Легко понять, что, читая это письмо, я испытывала некоторое неудовольствие. Мне было понятно, что Беатрис беспокоится за меня совершенно искренно, но все равно я рассердилась и обиделась. Я не просила совета и считала, что никто не имеет ни малейшего права советовать мне, как поступить с моим собственным ребенком, я и сама прекрасно во всем разберусь. Тем не менее, письмо сестры помогло мне уяснить одно: я поняла, что ни за что никому не отдам ребенка, он будет мой. Причем на данной стадии моя решимость не была продиктована любовью — любовь пришла позже. В тот момент я не только ее не чувствовала, а даже не очень-то надеялась, что буду на нее когда-либо способна. Нет, эта решимость зижделась на моей самоуверенности, я не сомневалась, не имея на то никаких оснований, что ни одни приемные родители не смогут воспитать моего ребенка так умело, как я. И в то же время перспектива скоро стать матерью меня пугала. Как многие другие, я тревожилась, будет ли мой ребенок любить меня, буду ли я любить его и так далее и тому подобное. Но рядом с этими страхами во мне жила непоколебимая вера в собственные силы. Я твердо знала, что рожу ребенка и он будет принадлежать мне. Пусть Беатрис толкует что угодно, я не отдам своего ребенка никому во всей Великобритании. В какие бы добрые руки он ни попал, увы — это будут невежественные чужие руки, и значит, я трусливо предам его.
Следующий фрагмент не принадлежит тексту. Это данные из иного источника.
(* Let $s\in[0,1]$ and $x\in\mathbb R$. Then there exists a first time $t_0=t_0(s,x)\ge0$ at which the solution $(\xi(\cdot,x),\eta(\cdot,x))$ of the initial value problem (IVP) meets the graph of $w+s\varphi$, i.e. $\eta(t_0,x)=w(\xi(t_0,x))+s\varphi(\xi(t_0,x))$ and this fails for $0\le t<t_0$. Moreover: if $s=0$ or $\varphi(x)=0$ then $t_0(s,x)=0$; if $\varphi(x)\ne0$ and $\varphi'(x)=w'(x)=0$ then $t_0(s,x)=s$; in all other cases $0\le t_0(s,x)\le s$. Finally, $t_0$ is of class $C^2$ on $[0,1]\times\{x\in\mathbb R:\varphi(x)\ne0\}$, and if $\varphi(x)\neq0$ then $\varphi(\xi(t,x))\varphi(x)>0$ for all $0\le t\le t_0(s,x)$.
   Context: Let $w\in C^3(\mathbb R)$ be periodic with $w>0$ on $[-1,1]$. Let $-1<a<b<1$ and let $\varphi:[a,b]\to\mathbb R$ be a polynomial with $\varphi^{(k)}(a)=\varphi^{(k)}(b)=0$ for $k=0,1,2,3$, extended by zero outside $[a,b]$ (so $\varphi\in C^3_c(\mathbb R)$). For $x\in\mathbb R$, $(\xi(t,x),\eta(t,x))$, $t\in\mathbb R$, denotes the unique global solution of (IVP): $$\frac{d\xi}{dt}=-w'(\xi)\varphi(\xi)-(\eta-w(\xi))\varphi'(\xi),\qquad\frac{d\eta}{dt}=\varphi(\xi),\qquad \xi(0)=x,\ \eta(0)=w(x).$$ *)

theory Defs
  imports "HOL-Analysis.Analysis" "HOL-Computational_Algebra.Polynomial"
begin

definition C3 :: "(real \<Rightarrow> real) \<Rightarrow> bool" where
  "C3 f \<longleftrightarrow> (\<forall>k<3. \<forall>x. ((deriv ^^ k) f) differentiable (at x))
                 \<and> continuous_on UNIV ((deriv ^^ 3) f)"

definition periodic :: "(real \<Rightarrow> real) \<Rightarrow> bool" where
  "periodic f \<longleftrightarrow> (\<exists>T>0. \<forall>x. f (x + T) = f x)"

definition bump :: "real poly \<Rightarrow> real \<Rightarrow> real \<Rightarrow> real \<Rightarrow> real" where
  "bump p a b x = (if a \<le> x \<and> x \<le> b then poly p x else 0)"

definition C2_on :: "(real \<times> real) set \<Rightarrow> (real \<times> real \<Rightarrow> real) \<Rightarrow> bool" where
  "C2_on S f \<longleftrightarrow> (\<exists>f1 f2 f11 f12 f21 f22.
     (\<forall>p\<in>S. (f has_derivative (\<lambda>h. f1 p * fst h + f2 p * snd h)) (at p within S)
           \<and> (f1 has_derivative (\<lambda>h. f11 p * fst h + f12 p * snd h)) (at p within S)
           \<and> (f2 has_derivative (\<lambda>h. f21 p * fst h + f22 p * snd h)) (at p within S))
     \<and> continuous_on S f11 \<and> continuous_on S f12
     \<and> continuous_on S f21 \<and> continuous_on S f22)"

end

theory Submission
  imports Defs
begin

text \<open>Write \<open>\<phi> = bump p a b\<close>. While a trajectory starting at \<open>x\<close> with \<open>\<phi> x \<noteq> 0\<close> stays in the
  support of \<open>\<phi>\<close>, its level \<open>\<sigma> = (\<eta> - w \<xi>) / \<phi> \<xi>\<close> obeys \<open>\<sigma>' = 1 + (w' \<xi> + \<sigma> \<phi>' \<xi>)\<^sup>2 \<ge> 1\<close>,
  and a Gronwall argument shows that \<open>\<phi> \<xi>\<close> cannot vanish while \<open>\<sigma> \<in> [0,1]\<close>. Hence \<open>\<sigma>\<close> reaches
  \<open>s\<close> at a unique first time \<open>t\<^sub>0 \<le> s\<close>, and the sign of \<open>\<phi> \<xi>\<close> is preserved up to \<open>t\<^sub>0\<close>.

  For the regularity, the hitting point \<open>Y s x = \<xi> (t\<^sub>0 s x) x\<close> solves, as a function of \<open>s\<close>,
  an ODE \<open>\<partial>\<^sub>s Y = h s Y\<close> with \<open>Y 0 x = x\<close>, and \<open>t\<^sub>0 s x = \<integral>\<^sub>0\<^sup>s k r (Y r x) dr\<close>, where \<open>h\<close>
  and \<open>k\<close> are \<open>C\<^sup>2\<close> in \<open>y\<close> with bounded derivatives. Differentiable dependence on initial data,
  proved by Gronwall estimates for the variational equation, then makes \<open>t\<^sub>0\<close> a \<open>C\<^sup>2\<close>
  function. If \<open>w' x = \<phi>' x = 0\<close> then \<open>h s x = 0\<close>, so \<open>Y s x = x\<close> and \<open>t\<^sub>0 s x = s\<close>.\<close>

lemma bump_continuous:
  assumes "a < b" "poly q a = 0" "poly q b = 0"
  shows "continuous_on UNIV (bump q a b)"
proof -
  have "continuous_on ({a..b} \<union> ({..a} \<union> {b..})) (\<lambda>x. if x \<in> {a..b} then poly q x else 0)"
    by (rule continuous_on_cases) (use assms in \<open>auto intro!: continuous_intros\<close>)
  moreover have "{a..b} \<union> ({..a} \<union> {b..}) = (UNIV::real set)" by auto
  ultimately show ?thesis unfolding bump_def[abs_def] by (simp add: atLeastAtMost_iff)
qed

lemma bump_has_real_derivative:
  assumes ab: "a < b" and "poly q a = 0" "poly q b = 0" "poly (pderiv q) a = 0" "poly (pderiv q) b = 0"
  shows "(bump q a b has_real_derivative bump (pderiv q) a b y) (at y)"
proof -
  have cl: "closure (- {a..b}) = {..a} \<union> {b..}"
  proof -
    have "- {a..b} = {..<a} \<union> {b<..}" by auto
    then show ?thesis by (simp add: closure_Un)
  qed
  have "((\<lambda>y. if y \<in> {a..b} then poly q y else 0) has_vector_derivative
        (if y \<in> {a..b} then poly (pderiv q) y else 0)) (at y within {a..b} \<union> - {a..b})"
  proof (rule has_vector_derivative_If_within_closures)
    show "(poly q has_vector_derivative poly (pderiv q) y)
        (at y within {a..b} \<union> closure {a..b} \<inter> closure (- {a..b}))"
      by (rule has_vector_derivative_at_within, subst has_real_derivative_iff_has_vector_derivative[symmetric])
         (rule poly_DERIV)
    show "((\<lambda>_. 0) has_vector_derivative 0) (at y within - {a..b} \<union> closure {a..b} \<inter> closure (- {a..b}))"
      by (rule has_vector_derivative_const)
  qed (use assms cl in auto)
  then show ?thesis
    by (simp add: bump_def[abs_def] has_real_derivative_iff_has_vector_derivative)
qed

lemma mean_value_between:
  fixes f f' :: "real \<Rightarrow> real"
  assumes "\<And>z. \<bar>z - x\<bar> \<le> \<bar>y - x\<bar> \<Longrightarrow> (f has_real_derivative f' z) (at z)"
  shows "\<exists>z. \<bar>z - x\<bar> \<le> \<bar>y - x\<bar> \<and> f y - f x = (y - x) * f' z"
proof -
  consider "y = x" | "x < y" | "y < x" by linarith
  then show ?thesis
  proof cases
    case 2
    then obtain z where "x < z" "z < y" "f y - f x = (y - x) * f' z"
      using MVT2[OF 2, of f f'] assms by force
    then show ?thesis by (intro exI[of _ z]) auto
  next
    case 3
    then obtain z where "y < z" "z < x" "f x - f y = (x - y) * f' z"
      using MVT2[OF 3, of f f'] assms by force
    then show ?thesis by (intro exI[of _ z]) (auto simp: algebra_simps)
  qed auto
qed

lemma linearization_error_bound:
  fixes f f' :: "real \<Rightarrow> real"
  assumes "\<And>z. \<bar>z - x\<bar> \<le> \<bar>y - x\<bar> \<Longrightarrow> (f has_real_derivative f' z) (at z)"
    and "\<And>z. \<bar>z - x\<bar> \<le> \<bar>y - x\<bar> \<Longrightarrow> \<bar>f' z - c\<bar> \<le> e"
  shows "\<bar>f y - f x - c * (y - x)\<bar> \<le> e * \<bar>y - x\<bar>"
proof -
  obtain z where z: "\<bar>z - x\<bar> \<le> \<bar>y - x\<bar>" and eq: "f y - f x = (y - x) * f' z"
    using mean_value_between[OF assms(1)] by blast
  have "f y - f x - c * (y - x) = (f' z - c) * (y - x)"
    by (simp add: eq algebra_simps)
  then have "\<bar>f y - f x - c * (y - x)\<bar> = \<bar>f' z - c\<bar> * \<bar>y - x\<bar>"
    by (simp add: abs_mult)
  also have "\<dots> \<le> e * \<bar>y - x\<bar>"
    using assms(2)[OF z] by (rule mult_right_mono) simp
  finally show ?thesis .
qed

lemma lipschitz_from_derivative_bound:
  fixes f f' :: "real \<Rightarrow> real"
  assumes cf: "continuous_on {u..v} f"
    and df: "\<And>s. u < s \<Longrightarrow> s < v \<Longrightarrow> (f has_real_derivative f' s) (at s)"
    and bf: "\<And>s. u < s \<Longrightarrow> s < v \<Longrightarrow> \<bar>f' s\<bar> \<le> M"
    and s: "s \<in> {u..v}" and s': "s' \<in> {u..v}"
  shows "\<bar>f s' - f s\<bar> \<le> M * \<bar>s' - s\<bar>"
proof -
  have main: "\<bar>f t' - f t\<bar> \<le> M * (t' - t)" if tt': "t < t'" "t \<in> {u..v}" "t' \<in> {u..v}" for t t'
  proof -
    have "continuous_on {t..t'} f" using cf tt' by (auto intro: continuous_on_subset)
    moreover have "f differentiable (at z)" if "t < z" "z < t'" for z
      using df[of z] that tt' unfolding real_differentiable_def by auto
    ultimately obtain l z where z: "t < z" "z < t'" "DERIV f z :> l" "f t' - f t = (t' - t) * l"
      using MVT[OF tt'(1)] by blast
    then have "l = f' z" using DERIV_unique[OF z(3) df[of z]] tt' by auto
    with z have z: "t < z" "z < t'" "f t' - f t = (t' - t) * f' z" by auto
    have "\<bar>f t' - f t\<bar> = (t' - t) * \<bar>f' z\<bar>" using z by (simp add: abs_mult)
    also have "\<dots> \<le> (t' - t) * M" using bf[of z] z tt' by (intro mult_left_mono) auto
    finally show ?thesis by (simp add: mult.commute)
  qed
  consider "s = s'" | "s < s'" | "s' < s" by linarith
  then show ?thesis
  proof cases
    case 2 then show ?thesis using main[OF 2 s s'] by simp
  next
    case 3 then show ?thesis using main[OF 3 s' s] by (simp add: abs_minus_commute)
  qed simp
qed

lemma gronwall_square:
  fixes f f' :: "real \<Rightarrow> real"
  assumes cont: "continuous_on {0..t} f"
    and der: "\<And>s. 0 < s \<Longrightarrow> s < t \<Longrightarrow> (f has_real_derivative f' s) (at s)"
    and bnd: "\<And>s. 0 < s \<Longrightarrow> s < t \<Longrightarrow> \<bar>f' s\<bar> \<le> L * \<bar>f s\<bar> + e"
    and L: "L \<ge> 0" and t: "0 \<le> t"
  shows "(f t)^2 \<le> ((f 0)^2 + e^2 * t) * exp ((2*L+1)*t)"
proof -
  define c where "c = 2*L+1"
  define G where "G r = (f r)^2 * exp (- (c*r)) - e^2 * r" for r
  have "G t \<le> G 0"
  proof (rule DERIV_nonpos_imp_decreasing_open[OF t])
    fix s assume s: "0 < s" "s < t"
    have D: "(G has_real_derivative (2 * f s * f' s - c * (f s)^2) * exp (- (c * s)) - e^2) (at s)"
      unfolding G_def[abs_def]
      by (auto intro!: derivative_eq_intros der s simp: algebra_simps)
    have "2 * f s * f' s \<le> 2 * \<bar>f s\<bar> * (L * \<bar>f s\<bar> + e)"
    proof -
      have "2 * f s * f' s \<le> 2 * \<bar>f s\<bar> * \<bar>f' s\<bar>"
        using abs_ge_self[of "f s * f' s"] by (simp add: abs_mult)
      also have "\<dots> \<le> 2 * \<bar>f s\<bar> * (L * \<bar>f s\<bar> + e)"
        by (intro mult_left_mono bnd s) auto
      finally show ?thesis .
    qed
    \<comment> \<open>\<open>2 \<bar>f\<bar> e \<le> f\<^sup>2 + e\<^sup>2\<close> absorbs the inhomogeneity\<close>
    also have "\<dots> \<le> c * (f s)^2 + e^2"
      using sum_squares_ge_zero[of "\<bar>f s\<bar> - e" 0]
      by (simp add: c_def power2_eq_square algebra_simps)
    finally have "2 * f s * f' s - c * (f s)^2 \<le> e^2" by simp
    then have "(2 * f s * f' s - c * (f s)^2) * exp (- (c * s)) \<le> e^2 * exp (- (c * s))"
      by (rule mult_right_mono) simp
    also have "\<dots> \<le> e^2" using s t L by (simp add: c_def mult_left_le)
    finally show "\<exists>y. (G has_real_derivative y) (at s) \<and> y \<le> 0" using D by auto
  next
    show "continuous_on {0..t} G" unfolding G_def[abs_def]
      by (intro continuous_intros cont)
  qed
  then have "(f t)^2 * exp (- (c * t)) \<le> (f 0)^2 + e^2 * t" by (simp add: G_def)
  then have "(f t)^2 * exp (- (c * t)) * exp (c * t) \<le> ((f 0)^2 + e^2 * t) * exp (c * t)"
    by (rule mult_right_mono) simp
  then show ?thesis by (simp add: c_def mult.assoc flip: exp_add)
qed

lemma has_derivative_of_partials:
  fixes f fs fx :: "real \<times> real \<Rightarrow> real"
  assumes U: "open U"
    and ds: "\<And>s x. s \<in> S \<Longrightarrow> x \<in> U \<Longrightarrow>
               ((\<lambda>s. f (s,x)) has_real_derivative fs (s,x)) (at s within S)"
    and dx: "\<And>s x. s \<in> S \<Longrightarrow> x \<in> U \<Longrightarrow>
               ((\<lambda>x. f (s,x)) has_real_derivative fx (s,x)) (at x)"
    and cx: "continuous_on (S \<times> U) fx"
    and p: "p \<in> S \<times> U"
  shows "(f has_derivative (\<lambda>h. fs p * fst h + fx p * snd h)) (at p within S \<times> U)"
  unfolding has_derivative_within_alt
proof (intro conjI allI impI)
  show "bounded_linear (\<lambda>h. fs p * fst h + fx p * snd h)"
    by (intro bounded_linear_intros)
next
  fix e :: real assume e: "e > 0"
  obtain s x where px: "p = (s,x)" and s: "s \<in> S" and x: "x \<in> U" using p by auto
  have "((\<lambda>s. f (s,x)) has_derivative (\<lambda>h. fs p * h)) (at s within S)"
    using ds[OF s x] px by (simp add: has_field_derivative_def)
  then obtain d1 where d1: "d1 > 0" and d1b: "\<And>s'. s' \<in> S \<Longrightarrow> \<bar>s' - s\<bar> < d1 \<Longrightarrow>
      \<bar>f (s',x) - f p - fs p * (s' - s)\<bar> \<le> e/2 * \<bar>s' - s\<bar>"
    unfolding has_derivative_within_alt using e px by (metis half_gt_zero real_norm_def)
  obtain d2 where d2: "d2 > 0" and d2b: "\<And>q. q \<in> S \<times> U \<Longrightarrow> dist q p < d2 \<Longrightarrow>
      dist (fx q) (fx p) < e/2"
    using cx p e unfolding continuous_on_iff by (meson half_gt_zero)
  obtain d3 where d3: "d3 > 0" and d3b: "ball x d3 \<subseteq> U"
    using U x open_contains_ball by blast
  define d where "d = min d1 (min d2 d3)"
  have "norm (f y - f p - (fs p * fst (y - p) + fx p * snd (y - p))) \<le> e * norm (y - p)"
    if y: "y \<in> S \<times> U" "norm (y - p) < d" for y
  proof -
    obtain s' x' where yx: "y = (s',x')" and s': "s' \<in> S" using y by auto
    have ns: "\<bar>s' - s\<bar> \<le> norm (y - p)" and nx: "\<bar>x' - x\<bar> \<le> norm (y - p)"
      using norm_fst_le[of "s' - s" "x' - x"] norm_snd_le[of "x' - x" "s' - s"] yx px by auto
    \<comment> \<open>along the horizontal segment from \<open>(s',x)\<close> to \<open>(s',x')\<close> the partial \<open>fx\<close> stays \<open>e/2\<close>-close to \<open>fx p\<close>\<close>
    have near: "z \<in> U \<and> \<bar>fx (s',z) - fx p\<bar> \<le> e/2" if z: "\<bar>z - x\<bar> \<le> \<bar>x' - x\<bar>" for z
    proof
      show zU: "z \<in> U" using d3b nx y(2) z by (auto simp: d_def dist_real_def subset_iff)
      have "(z - x)^2 \<le> (x' - x)^2" using z by (simp add: abs_le_square_iff)
      then have "dist (s',z) p \<le> norm (y - p)"
        using px yx by (simp add: dist_Pair_Pair norm_Pair real_sqrt_le_mono dist_real_def)
      then show "\<bar>fx (s',z) - fx p\<bar> \<le> e/2"
        using d2b[of "(s',z)"] y(2) s' zU by (auto simp: d_def dist_real_def)
    qed
    have "\<bar>f (s',x') - f (s',x) - fx p * (x' - x)\<bar> \<le> e/2 * \<bar>x' - x\<bar>"
      by (rule linearization_error_bound[where f'="\<lambda>z. fx (s',z)"]) (use dx s' near in auto)
    moreover have "\<bar>f (s',x) - f p - fs p * (s' - s)\<bar> \<le> e/2 * \<bar>s' - s\<bar>"
      using d1b[OF s'] ns y(2) by (simp add: d_def)
    moreover have "e/2 * \<bar>x' - x\<bar> + e/2 * \<bar>s' - s\<bar> \<le> e * norm (y - p)"
      using mult_left_mono[of "\<bar>x' - x\<bar> + \<bar>s' - s\<bar>" "2 * norm (y - p)" "e/2"] ns nx e
      by (simp add: algebra_simps)
    moreover have "f y - f p - (fs p * fst (y - p) + fx p * snd (y - p))
        = (f (s',x') - f (s',x) - fx p * (x' - x)) + (f (s',x) - f p - fs p * (s' - s))"
      using yx px by simp
    ultimately show ?thesis unfolding real_norm_def by linarith
  qed
  moreover have "d > 0" using d1 d2 d3 by (simp add: d_def)
  ultimately show "\<exists>d>0. \<forall>y\<in>S \<times> U. norm (y - p) < d \<longrightarrow>
      norm (f y - f p - (fs p * fst (y - p) + fx p * snd (y - p))) \<le> e * norm (y - p)"
    by blast
qed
Беатрис, конечно, не могла предвидеть, что ее письмо приведет к неожиданному результату: прочтя замечание о том, как горько растить ребенка от нелюбимого человека, я вдруг впервые представила себе — а что, если мой младенец будет похож на Джорджа? И образ этого младенца так ярко возник в моем воображении, что меня неудержимо потянуло, не теряя ни минуты, позвонить Джорджу и все ему рассказать. Конечно, я этого не сделала, но вечером позволила себе роскошь, которой давно не позволяла, — включила радио и стала слушать, как Джордж читает объявления. Его голос звучал так спокойно и безмятежно, что я сама себе не верила — неужели я могла допустить мысль, что взвалю на него мои заботы и поставлю в такое щекотливое положение. Я снова начала вспоминать все ласковые слова, которые он мне говорил, и мне смертельно захотелось еще раз услышать, как он, мило паясничая, произносит жеманным тоном:
— Боже ты мой, Розамунд! До чего же мы сегодня славненькие!
Хотя, надо признаться, в те дни «мы» вряд ли бывали «славненькими».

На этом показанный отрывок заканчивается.